Stored items:
◇ ◇ ◇ ◇ ◇

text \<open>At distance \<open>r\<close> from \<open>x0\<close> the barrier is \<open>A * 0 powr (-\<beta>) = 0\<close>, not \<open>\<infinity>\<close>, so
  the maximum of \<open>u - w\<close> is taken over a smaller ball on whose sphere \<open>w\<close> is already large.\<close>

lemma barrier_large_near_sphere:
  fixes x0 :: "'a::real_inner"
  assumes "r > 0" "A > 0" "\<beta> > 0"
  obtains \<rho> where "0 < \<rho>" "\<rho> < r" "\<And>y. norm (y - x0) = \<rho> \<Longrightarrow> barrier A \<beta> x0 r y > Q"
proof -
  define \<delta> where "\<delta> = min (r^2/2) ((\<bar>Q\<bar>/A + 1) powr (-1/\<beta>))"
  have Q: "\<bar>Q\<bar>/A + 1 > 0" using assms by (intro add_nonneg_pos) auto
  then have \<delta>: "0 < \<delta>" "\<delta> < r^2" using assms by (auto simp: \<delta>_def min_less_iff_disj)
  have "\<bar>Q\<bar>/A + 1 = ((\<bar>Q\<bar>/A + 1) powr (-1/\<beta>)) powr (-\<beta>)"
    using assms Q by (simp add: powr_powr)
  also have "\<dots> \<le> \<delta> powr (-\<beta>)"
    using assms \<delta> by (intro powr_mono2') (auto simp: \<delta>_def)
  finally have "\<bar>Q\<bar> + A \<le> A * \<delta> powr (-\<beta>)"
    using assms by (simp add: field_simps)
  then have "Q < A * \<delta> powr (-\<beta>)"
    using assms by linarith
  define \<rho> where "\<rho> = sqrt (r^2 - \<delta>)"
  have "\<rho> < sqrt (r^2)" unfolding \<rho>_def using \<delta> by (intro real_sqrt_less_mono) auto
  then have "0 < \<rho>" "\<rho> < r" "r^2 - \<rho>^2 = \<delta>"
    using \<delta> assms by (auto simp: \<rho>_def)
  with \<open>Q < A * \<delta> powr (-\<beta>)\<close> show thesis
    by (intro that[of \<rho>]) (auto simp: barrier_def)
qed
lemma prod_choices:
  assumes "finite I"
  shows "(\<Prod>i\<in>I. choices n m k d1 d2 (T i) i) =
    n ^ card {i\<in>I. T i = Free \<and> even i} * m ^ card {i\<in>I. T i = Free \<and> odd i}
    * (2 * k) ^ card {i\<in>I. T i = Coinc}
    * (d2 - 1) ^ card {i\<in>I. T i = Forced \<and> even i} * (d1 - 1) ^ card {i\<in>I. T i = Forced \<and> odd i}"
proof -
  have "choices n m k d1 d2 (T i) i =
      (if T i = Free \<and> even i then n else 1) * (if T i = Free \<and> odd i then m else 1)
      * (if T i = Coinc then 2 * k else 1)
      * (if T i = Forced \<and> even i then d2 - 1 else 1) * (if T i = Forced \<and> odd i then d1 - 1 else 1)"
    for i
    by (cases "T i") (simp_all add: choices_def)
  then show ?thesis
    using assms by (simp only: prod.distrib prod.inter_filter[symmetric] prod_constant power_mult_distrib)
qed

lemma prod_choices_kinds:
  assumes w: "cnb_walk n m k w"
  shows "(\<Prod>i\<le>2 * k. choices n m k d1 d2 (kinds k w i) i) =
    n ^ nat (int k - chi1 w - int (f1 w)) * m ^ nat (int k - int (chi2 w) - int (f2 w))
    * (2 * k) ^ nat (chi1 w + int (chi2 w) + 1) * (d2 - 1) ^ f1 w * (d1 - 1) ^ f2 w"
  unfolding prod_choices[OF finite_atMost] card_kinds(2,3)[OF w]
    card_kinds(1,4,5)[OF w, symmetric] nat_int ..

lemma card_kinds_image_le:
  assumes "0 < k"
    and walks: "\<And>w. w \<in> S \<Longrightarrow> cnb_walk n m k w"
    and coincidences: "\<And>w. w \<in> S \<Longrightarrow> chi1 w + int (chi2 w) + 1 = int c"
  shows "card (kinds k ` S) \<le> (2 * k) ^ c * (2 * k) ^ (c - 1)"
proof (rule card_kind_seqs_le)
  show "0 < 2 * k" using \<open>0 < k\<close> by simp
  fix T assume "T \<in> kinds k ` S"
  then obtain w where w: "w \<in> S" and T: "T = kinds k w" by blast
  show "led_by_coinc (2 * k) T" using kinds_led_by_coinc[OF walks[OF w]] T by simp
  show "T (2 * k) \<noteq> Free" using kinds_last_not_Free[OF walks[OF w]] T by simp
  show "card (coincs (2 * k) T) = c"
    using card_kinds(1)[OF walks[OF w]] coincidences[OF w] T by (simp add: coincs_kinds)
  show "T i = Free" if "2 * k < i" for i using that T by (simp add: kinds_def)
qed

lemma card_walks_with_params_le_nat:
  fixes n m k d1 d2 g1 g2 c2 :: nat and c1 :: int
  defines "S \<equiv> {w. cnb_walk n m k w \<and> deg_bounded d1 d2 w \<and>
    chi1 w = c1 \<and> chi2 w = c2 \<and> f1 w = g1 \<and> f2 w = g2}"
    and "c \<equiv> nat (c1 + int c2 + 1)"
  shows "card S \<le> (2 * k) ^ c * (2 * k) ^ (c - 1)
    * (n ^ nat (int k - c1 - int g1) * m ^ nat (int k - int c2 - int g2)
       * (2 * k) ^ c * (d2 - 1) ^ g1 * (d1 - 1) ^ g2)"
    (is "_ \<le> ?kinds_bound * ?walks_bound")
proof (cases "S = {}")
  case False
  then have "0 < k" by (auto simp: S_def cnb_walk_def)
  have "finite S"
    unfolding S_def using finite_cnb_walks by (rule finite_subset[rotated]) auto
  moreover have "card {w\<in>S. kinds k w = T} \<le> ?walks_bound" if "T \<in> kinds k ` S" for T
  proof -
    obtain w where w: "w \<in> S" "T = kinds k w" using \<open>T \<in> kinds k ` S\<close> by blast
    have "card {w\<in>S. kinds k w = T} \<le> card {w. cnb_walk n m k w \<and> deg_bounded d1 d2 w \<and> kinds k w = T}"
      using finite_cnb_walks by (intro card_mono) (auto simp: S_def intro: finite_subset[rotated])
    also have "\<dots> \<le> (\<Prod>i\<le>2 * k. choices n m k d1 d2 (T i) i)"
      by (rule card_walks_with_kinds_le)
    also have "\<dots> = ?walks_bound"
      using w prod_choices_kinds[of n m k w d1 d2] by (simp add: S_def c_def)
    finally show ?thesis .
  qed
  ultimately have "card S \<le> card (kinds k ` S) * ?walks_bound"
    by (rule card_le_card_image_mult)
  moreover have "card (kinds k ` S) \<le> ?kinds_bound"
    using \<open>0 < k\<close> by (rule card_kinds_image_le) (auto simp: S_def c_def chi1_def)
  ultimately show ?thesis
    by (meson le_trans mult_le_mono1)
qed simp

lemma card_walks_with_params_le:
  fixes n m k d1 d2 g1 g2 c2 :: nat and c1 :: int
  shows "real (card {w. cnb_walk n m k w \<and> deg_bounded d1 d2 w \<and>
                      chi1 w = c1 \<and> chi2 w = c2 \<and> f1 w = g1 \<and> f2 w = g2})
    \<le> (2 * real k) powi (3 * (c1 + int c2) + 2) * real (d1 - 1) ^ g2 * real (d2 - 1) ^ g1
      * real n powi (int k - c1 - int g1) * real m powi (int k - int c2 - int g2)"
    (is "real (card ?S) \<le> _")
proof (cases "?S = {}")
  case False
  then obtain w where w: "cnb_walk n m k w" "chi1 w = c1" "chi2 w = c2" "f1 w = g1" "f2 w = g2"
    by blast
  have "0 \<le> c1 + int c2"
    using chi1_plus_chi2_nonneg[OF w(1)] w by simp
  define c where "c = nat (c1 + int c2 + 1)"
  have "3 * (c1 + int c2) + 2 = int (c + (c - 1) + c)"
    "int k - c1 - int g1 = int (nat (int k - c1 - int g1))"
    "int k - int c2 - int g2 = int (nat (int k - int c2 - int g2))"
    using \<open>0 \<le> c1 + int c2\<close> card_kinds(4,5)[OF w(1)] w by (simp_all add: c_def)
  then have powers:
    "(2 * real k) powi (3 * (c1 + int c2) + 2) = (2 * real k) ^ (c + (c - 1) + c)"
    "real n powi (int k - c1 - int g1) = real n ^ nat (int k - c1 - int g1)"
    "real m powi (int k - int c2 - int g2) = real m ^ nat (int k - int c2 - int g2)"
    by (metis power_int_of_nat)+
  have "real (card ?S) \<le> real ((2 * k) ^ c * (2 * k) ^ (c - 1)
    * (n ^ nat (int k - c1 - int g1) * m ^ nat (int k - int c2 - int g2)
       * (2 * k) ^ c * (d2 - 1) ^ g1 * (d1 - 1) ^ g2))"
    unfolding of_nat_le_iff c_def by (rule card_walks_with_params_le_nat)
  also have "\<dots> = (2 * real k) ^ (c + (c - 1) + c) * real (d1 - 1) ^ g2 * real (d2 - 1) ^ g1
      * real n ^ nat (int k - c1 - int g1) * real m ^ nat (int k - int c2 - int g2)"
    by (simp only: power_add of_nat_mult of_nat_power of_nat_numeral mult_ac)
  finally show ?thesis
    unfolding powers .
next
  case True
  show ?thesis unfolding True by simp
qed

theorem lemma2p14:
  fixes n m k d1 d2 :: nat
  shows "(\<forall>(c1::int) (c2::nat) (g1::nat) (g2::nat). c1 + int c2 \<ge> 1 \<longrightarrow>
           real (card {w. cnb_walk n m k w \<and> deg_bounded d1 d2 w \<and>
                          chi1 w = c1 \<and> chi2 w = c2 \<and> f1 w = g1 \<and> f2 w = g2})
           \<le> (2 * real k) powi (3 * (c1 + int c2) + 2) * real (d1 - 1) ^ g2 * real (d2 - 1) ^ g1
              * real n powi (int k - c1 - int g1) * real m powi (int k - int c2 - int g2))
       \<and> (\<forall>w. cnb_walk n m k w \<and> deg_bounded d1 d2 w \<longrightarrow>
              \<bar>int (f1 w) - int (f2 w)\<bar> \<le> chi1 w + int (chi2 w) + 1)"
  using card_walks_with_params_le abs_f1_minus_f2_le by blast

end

◇ ◇ ◇ ◇ ◇

TASK GOAL: Each line holding the word "shows" must be copied from the data.

SOLUTION TO THE PROBLEM:
  shows "(\<Prod>i\<in>I. choices n m k d1 d2 (T i) i) =
  shows "(\<Prod>i\<le>2 * k. choices n m k d1 d2 (kinds k w i) i) =
  shows "card (kinds k ` S) \<le> (2 * k) ^ c * (2 * k) ^ (c - 1)"
  shows "card S \<le> (2 * k) ^ c * (2 * k) ^ (c - 1)
  shows "real (card {w. cnb_walk n m k w \<and> deg_bounded d1 d2 w \<and>
  shows "(\<forall>(c1::int) (c2::nat) (g1::nat) (g2::nat). c1 + int c2 \<ge> 1 \<longrightarrow>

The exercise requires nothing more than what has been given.